## [BRIEF]
Each line in the listing below that contains "with" should be returned.
####
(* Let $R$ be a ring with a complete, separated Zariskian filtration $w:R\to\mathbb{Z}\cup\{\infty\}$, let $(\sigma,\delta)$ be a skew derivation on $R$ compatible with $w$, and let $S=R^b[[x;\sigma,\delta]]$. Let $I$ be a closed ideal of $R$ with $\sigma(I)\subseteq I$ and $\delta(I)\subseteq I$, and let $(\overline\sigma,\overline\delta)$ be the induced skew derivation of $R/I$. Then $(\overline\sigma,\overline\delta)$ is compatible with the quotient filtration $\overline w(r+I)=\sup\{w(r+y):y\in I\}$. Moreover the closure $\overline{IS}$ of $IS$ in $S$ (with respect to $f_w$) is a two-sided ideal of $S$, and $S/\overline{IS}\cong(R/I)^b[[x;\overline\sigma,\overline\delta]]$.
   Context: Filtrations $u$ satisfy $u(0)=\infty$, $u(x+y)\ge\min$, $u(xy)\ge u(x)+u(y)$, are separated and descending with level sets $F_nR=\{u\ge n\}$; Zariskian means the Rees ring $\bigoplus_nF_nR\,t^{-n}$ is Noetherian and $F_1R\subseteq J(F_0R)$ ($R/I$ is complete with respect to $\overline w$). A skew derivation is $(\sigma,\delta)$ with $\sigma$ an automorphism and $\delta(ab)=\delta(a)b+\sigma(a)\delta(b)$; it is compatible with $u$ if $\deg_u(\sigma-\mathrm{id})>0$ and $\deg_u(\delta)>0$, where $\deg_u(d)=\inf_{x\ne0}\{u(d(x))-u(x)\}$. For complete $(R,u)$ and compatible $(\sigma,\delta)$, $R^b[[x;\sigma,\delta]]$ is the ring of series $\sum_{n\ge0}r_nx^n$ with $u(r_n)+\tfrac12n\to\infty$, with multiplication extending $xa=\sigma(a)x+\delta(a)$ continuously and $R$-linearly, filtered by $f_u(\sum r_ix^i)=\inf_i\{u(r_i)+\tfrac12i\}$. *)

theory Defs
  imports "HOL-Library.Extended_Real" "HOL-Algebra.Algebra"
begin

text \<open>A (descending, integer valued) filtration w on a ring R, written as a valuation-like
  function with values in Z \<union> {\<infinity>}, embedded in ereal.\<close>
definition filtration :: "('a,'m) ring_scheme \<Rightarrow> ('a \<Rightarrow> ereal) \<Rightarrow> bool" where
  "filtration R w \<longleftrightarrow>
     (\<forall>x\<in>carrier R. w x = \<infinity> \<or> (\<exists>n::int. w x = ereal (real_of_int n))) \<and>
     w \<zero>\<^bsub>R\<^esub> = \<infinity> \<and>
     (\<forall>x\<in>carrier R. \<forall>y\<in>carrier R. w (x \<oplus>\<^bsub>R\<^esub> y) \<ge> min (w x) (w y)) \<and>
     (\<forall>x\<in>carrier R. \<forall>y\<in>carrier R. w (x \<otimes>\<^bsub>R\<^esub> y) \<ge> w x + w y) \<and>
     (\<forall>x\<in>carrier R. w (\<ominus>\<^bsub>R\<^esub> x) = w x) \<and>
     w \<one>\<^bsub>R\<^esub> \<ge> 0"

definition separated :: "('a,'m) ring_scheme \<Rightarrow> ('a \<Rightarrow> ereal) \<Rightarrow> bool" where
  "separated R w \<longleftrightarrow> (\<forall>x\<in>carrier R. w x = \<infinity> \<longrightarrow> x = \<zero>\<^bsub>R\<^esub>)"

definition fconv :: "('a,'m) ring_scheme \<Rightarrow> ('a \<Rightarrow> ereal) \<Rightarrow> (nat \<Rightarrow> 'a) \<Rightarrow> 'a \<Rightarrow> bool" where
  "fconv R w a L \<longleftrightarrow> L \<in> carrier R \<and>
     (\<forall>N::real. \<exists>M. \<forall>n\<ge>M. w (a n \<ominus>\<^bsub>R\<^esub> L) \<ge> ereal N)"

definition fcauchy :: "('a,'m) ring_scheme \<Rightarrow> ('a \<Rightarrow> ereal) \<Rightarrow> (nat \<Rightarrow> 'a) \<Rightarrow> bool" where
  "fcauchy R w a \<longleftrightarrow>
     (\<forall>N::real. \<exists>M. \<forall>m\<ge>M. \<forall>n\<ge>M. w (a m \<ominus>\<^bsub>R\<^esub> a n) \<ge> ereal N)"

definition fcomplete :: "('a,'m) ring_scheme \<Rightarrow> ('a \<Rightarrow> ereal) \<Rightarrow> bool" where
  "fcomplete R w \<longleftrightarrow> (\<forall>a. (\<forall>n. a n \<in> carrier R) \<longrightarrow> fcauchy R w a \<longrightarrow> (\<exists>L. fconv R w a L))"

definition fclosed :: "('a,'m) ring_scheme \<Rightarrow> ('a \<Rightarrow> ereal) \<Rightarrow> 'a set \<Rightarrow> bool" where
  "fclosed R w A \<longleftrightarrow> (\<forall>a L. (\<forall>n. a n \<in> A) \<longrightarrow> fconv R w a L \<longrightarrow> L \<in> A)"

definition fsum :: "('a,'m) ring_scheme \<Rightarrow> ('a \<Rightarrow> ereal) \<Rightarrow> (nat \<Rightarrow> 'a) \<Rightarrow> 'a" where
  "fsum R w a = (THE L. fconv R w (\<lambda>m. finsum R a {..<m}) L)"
####
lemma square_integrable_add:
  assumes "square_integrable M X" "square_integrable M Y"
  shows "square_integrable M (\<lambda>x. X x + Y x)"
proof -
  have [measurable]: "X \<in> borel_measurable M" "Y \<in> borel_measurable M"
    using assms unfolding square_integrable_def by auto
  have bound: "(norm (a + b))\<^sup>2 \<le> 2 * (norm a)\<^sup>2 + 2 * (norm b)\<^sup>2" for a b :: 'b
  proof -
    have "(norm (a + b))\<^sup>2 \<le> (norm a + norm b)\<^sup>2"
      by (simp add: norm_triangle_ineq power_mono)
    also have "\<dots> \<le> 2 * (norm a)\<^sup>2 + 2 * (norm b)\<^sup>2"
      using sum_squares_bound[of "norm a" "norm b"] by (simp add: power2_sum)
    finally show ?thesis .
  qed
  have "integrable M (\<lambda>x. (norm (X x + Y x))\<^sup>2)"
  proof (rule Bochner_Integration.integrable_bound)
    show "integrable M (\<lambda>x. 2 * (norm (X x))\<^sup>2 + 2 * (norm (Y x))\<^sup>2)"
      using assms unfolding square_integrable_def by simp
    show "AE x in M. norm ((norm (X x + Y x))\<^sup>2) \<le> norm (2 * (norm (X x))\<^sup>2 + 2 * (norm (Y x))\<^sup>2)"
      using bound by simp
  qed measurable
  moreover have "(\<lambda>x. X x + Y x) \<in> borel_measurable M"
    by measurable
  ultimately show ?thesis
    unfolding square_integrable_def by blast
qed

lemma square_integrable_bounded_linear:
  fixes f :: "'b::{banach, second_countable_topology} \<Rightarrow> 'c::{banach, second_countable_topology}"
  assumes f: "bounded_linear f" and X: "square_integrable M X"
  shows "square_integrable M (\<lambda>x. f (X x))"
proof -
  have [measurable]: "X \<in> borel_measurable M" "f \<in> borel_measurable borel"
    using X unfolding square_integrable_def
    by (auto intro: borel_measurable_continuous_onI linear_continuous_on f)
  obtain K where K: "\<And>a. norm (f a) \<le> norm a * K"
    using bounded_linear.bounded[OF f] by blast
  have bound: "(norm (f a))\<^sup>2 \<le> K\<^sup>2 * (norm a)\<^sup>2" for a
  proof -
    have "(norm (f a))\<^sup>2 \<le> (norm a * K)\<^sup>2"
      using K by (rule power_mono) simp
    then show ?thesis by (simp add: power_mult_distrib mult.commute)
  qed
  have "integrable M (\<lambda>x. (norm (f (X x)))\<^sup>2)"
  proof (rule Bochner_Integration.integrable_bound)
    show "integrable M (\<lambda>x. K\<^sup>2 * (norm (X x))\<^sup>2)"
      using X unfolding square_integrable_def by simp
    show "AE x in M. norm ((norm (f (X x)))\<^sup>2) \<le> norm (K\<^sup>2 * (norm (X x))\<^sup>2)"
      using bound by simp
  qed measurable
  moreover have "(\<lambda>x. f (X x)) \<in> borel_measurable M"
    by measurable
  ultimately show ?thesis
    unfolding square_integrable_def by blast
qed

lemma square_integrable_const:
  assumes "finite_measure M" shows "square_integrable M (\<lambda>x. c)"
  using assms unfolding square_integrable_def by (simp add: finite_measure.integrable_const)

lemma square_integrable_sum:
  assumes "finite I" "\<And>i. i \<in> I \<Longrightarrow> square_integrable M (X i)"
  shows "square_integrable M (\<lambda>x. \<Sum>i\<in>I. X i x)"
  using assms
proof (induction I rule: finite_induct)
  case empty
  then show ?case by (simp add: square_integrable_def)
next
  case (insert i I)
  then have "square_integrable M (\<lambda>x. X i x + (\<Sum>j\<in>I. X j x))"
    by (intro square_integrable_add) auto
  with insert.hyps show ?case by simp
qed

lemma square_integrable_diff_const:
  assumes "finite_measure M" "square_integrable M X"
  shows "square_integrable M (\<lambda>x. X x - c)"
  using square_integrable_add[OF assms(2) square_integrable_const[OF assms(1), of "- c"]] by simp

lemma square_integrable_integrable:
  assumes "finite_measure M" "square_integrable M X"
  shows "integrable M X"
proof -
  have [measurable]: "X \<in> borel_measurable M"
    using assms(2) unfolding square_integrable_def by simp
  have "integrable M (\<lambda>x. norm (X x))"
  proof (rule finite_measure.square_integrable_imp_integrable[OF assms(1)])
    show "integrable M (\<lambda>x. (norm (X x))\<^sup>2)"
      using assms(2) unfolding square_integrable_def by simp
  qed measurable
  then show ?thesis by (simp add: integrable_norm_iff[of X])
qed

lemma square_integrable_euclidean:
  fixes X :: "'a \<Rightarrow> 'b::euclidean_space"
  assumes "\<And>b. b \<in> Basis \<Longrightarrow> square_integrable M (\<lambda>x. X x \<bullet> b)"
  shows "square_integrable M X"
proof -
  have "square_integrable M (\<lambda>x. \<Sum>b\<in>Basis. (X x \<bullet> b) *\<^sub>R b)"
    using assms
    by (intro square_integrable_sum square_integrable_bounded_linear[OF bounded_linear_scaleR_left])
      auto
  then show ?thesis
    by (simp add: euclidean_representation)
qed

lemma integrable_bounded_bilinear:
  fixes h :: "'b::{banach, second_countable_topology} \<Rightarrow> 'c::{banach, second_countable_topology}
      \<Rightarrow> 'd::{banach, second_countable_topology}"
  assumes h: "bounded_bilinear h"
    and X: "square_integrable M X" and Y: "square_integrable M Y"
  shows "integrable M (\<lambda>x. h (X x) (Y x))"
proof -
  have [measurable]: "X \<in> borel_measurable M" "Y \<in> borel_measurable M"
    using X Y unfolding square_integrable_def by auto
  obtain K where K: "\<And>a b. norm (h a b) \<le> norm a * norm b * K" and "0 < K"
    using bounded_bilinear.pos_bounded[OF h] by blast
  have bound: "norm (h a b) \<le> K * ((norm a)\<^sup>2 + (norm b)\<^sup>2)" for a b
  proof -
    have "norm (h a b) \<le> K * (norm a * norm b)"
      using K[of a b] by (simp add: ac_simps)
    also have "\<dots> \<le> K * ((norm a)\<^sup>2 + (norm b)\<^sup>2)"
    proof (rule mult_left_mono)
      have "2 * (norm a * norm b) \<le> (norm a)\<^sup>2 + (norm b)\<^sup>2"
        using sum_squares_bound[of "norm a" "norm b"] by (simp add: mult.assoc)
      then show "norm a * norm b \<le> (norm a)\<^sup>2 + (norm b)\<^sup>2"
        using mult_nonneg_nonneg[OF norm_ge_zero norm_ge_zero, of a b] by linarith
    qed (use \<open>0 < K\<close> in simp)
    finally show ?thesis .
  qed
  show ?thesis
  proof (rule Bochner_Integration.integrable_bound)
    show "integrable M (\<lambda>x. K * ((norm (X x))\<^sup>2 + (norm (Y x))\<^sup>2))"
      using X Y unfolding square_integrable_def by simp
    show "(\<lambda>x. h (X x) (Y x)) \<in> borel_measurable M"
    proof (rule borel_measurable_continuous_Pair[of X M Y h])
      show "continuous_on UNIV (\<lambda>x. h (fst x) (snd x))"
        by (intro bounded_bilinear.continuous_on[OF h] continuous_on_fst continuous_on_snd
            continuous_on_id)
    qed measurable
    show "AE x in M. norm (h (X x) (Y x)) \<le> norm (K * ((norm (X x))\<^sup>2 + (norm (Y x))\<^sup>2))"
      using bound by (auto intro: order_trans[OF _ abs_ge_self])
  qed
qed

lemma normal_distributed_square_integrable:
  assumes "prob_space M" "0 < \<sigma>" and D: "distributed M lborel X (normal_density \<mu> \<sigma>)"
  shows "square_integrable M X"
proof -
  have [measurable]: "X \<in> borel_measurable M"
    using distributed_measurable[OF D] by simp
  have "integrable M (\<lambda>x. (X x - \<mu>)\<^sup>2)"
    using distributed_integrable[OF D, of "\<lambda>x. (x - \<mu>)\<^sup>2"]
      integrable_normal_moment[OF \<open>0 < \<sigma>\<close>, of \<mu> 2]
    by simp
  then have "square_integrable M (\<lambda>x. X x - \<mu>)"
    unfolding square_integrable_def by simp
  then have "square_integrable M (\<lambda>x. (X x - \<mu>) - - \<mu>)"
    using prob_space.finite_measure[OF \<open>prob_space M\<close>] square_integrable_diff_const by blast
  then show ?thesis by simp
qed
####
## [EXERCISE RESPONSE]
(* Let $R$ be a ring with a complete, separated Zariskian filtration $w:R\to\mathbb{Z}\cup\{\infty\}$, let $(\sigma,\delta)$ be a skew derivation on $R$ compatible with $w$, and let $S=R^b[[x;\sigma,\delta]]$. Let $I$ be a closed ideal of $R$ with $\sigma(I)\subseteq I$ and $\delta(I)\subseteq I$, and let $(\overline\sigma,\overline\delta)$ be the induced skew derivation of $R/I$. Then $(\overline\sigma,\overline\delta)$ is compatible with the quotient filtration $\overline w(r+I)=\sup\{w(r+y):y\in I\}$. Moreover the closure $\overline{IS}$ of $IS$ in $S$ (with respect to $f_w$) is a two-sided ideal of $S$, and $S/\overline{IS}\cong(R/I)^b[[x;\overline\sigma,\overline\delta]]$.
   Context: Filtrations $u$ satisfy $u(0)=\infty$, $u(x+y)\ge\min$, $u(xy)\ge u(x)+u(y)$, are separated and descending with level sets $F_nR=\{u\ge n\}$; Zariskian means the Rees ring $\bigoplus_nF_nR\,t^{-n}$ is Noetherian and $F_1R\subseteq J(F_0R)$ ($R/I$ is complete with respect to $\overline w$). A skew derivation is $(\sigma,\delta)$ with $\sigma$ an automorphism and $\delta(ab)=\delta(a)b+\sigma(a)\delta(b)$; it is compatible with $u$ if $\deg_u(\sigma-\mathrm{id})>0$ and $\deg_u(\delta)>0$, where $\deg_u(d)=\inf_{x\ne0}\{u(d(x))-u(x)\}$. For complete $(R,u)$ and compatible $(\sigma,\delta)$, $R^b[[x;\sigma,\delta]]$ is the ring of series $\sum_{n\ge0}r_nx^n$ with $u(r_n)+\tfrac12n\to\infty$, with multiplication extending $xa=\sigma(a)x+\delta(a)$ continuously and $R$-linearly, filtered by $f_u(\sum r_ix^i)=\inf_i\{u(r_i)+\tfrac12i\}$. *)
  function with values in Z \<union> {\<infinity>}, embedded in ereal.\<close>
  with insert.hyps show ?case by simp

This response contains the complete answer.